[WHAT TO DO]
Answer with a number only: how many lines of the entries below contain the word "ultimately"?

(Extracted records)

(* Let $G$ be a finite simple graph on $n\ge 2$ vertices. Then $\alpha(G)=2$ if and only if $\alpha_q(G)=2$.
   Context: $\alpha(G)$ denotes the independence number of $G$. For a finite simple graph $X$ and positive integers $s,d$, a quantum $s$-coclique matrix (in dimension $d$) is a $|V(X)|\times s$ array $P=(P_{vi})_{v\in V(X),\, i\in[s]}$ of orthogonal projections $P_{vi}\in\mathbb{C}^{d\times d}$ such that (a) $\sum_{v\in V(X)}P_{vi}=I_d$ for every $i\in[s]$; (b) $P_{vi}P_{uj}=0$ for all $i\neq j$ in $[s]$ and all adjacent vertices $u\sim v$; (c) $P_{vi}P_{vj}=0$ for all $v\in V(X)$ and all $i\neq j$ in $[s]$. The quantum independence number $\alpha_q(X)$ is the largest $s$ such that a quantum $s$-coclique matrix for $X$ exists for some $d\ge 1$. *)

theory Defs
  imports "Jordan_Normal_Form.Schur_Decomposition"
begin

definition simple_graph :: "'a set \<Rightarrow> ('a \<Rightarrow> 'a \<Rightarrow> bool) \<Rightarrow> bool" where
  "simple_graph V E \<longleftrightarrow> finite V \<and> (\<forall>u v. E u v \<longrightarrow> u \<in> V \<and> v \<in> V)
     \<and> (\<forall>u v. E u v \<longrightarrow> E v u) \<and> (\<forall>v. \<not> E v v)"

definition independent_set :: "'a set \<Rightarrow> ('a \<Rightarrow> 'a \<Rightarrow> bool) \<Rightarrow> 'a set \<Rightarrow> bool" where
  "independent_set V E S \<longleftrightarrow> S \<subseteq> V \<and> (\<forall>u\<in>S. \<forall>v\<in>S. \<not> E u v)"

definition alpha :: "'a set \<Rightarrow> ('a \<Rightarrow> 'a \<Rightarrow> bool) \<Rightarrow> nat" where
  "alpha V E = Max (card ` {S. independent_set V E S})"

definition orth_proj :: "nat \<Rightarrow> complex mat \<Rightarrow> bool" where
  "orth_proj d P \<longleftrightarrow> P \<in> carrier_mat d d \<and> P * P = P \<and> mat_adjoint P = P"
...
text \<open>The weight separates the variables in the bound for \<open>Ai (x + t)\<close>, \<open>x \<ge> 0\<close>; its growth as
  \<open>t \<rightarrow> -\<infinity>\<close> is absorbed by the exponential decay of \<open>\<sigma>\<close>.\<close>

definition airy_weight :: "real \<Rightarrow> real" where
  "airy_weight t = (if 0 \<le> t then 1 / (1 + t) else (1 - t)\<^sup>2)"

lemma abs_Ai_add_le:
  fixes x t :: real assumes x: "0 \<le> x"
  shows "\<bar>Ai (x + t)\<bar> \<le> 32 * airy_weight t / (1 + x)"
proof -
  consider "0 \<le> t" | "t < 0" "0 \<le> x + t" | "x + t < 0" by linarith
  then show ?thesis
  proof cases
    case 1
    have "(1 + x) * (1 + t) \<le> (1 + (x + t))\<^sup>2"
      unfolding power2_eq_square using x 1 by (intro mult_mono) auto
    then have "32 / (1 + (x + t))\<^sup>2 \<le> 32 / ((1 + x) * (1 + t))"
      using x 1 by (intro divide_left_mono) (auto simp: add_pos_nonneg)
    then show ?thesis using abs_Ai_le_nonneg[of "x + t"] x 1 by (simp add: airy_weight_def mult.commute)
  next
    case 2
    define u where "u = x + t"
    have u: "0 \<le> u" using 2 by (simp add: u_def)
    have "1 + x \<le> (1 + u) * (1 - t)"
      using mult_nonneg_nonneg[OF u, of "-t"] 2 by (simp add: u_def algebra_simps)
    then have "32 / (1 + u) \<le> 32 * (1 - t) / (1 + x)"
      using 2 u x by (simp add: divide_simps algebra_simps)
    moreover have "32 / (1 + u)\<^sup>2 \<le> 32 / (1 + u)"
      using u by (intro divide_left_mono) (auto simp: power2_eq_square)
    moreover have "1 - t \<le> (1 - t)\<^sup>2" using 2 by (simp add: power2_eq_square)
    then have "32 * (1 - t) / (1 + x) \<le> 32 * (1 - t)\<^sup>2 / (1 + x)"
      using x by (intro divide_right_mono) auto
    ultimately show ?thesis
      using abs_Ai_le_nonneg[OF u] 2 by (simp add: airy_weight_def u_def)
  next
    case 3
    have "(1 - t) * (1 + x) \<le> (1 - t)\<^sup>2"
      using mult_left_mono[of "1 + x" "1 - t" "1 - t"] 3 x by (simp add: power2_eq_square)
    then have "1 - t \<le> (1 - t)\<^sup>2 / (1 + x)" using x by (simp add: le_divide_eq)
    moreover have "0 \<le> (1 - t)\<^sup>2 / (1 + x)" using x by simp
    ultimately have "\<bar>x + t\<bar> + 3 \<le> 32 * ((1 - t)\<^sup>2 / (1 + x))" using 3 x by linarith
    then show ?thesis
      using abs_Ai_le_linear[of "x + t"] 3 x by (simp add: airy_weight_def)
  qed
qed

[SOLUTION BELOW]
2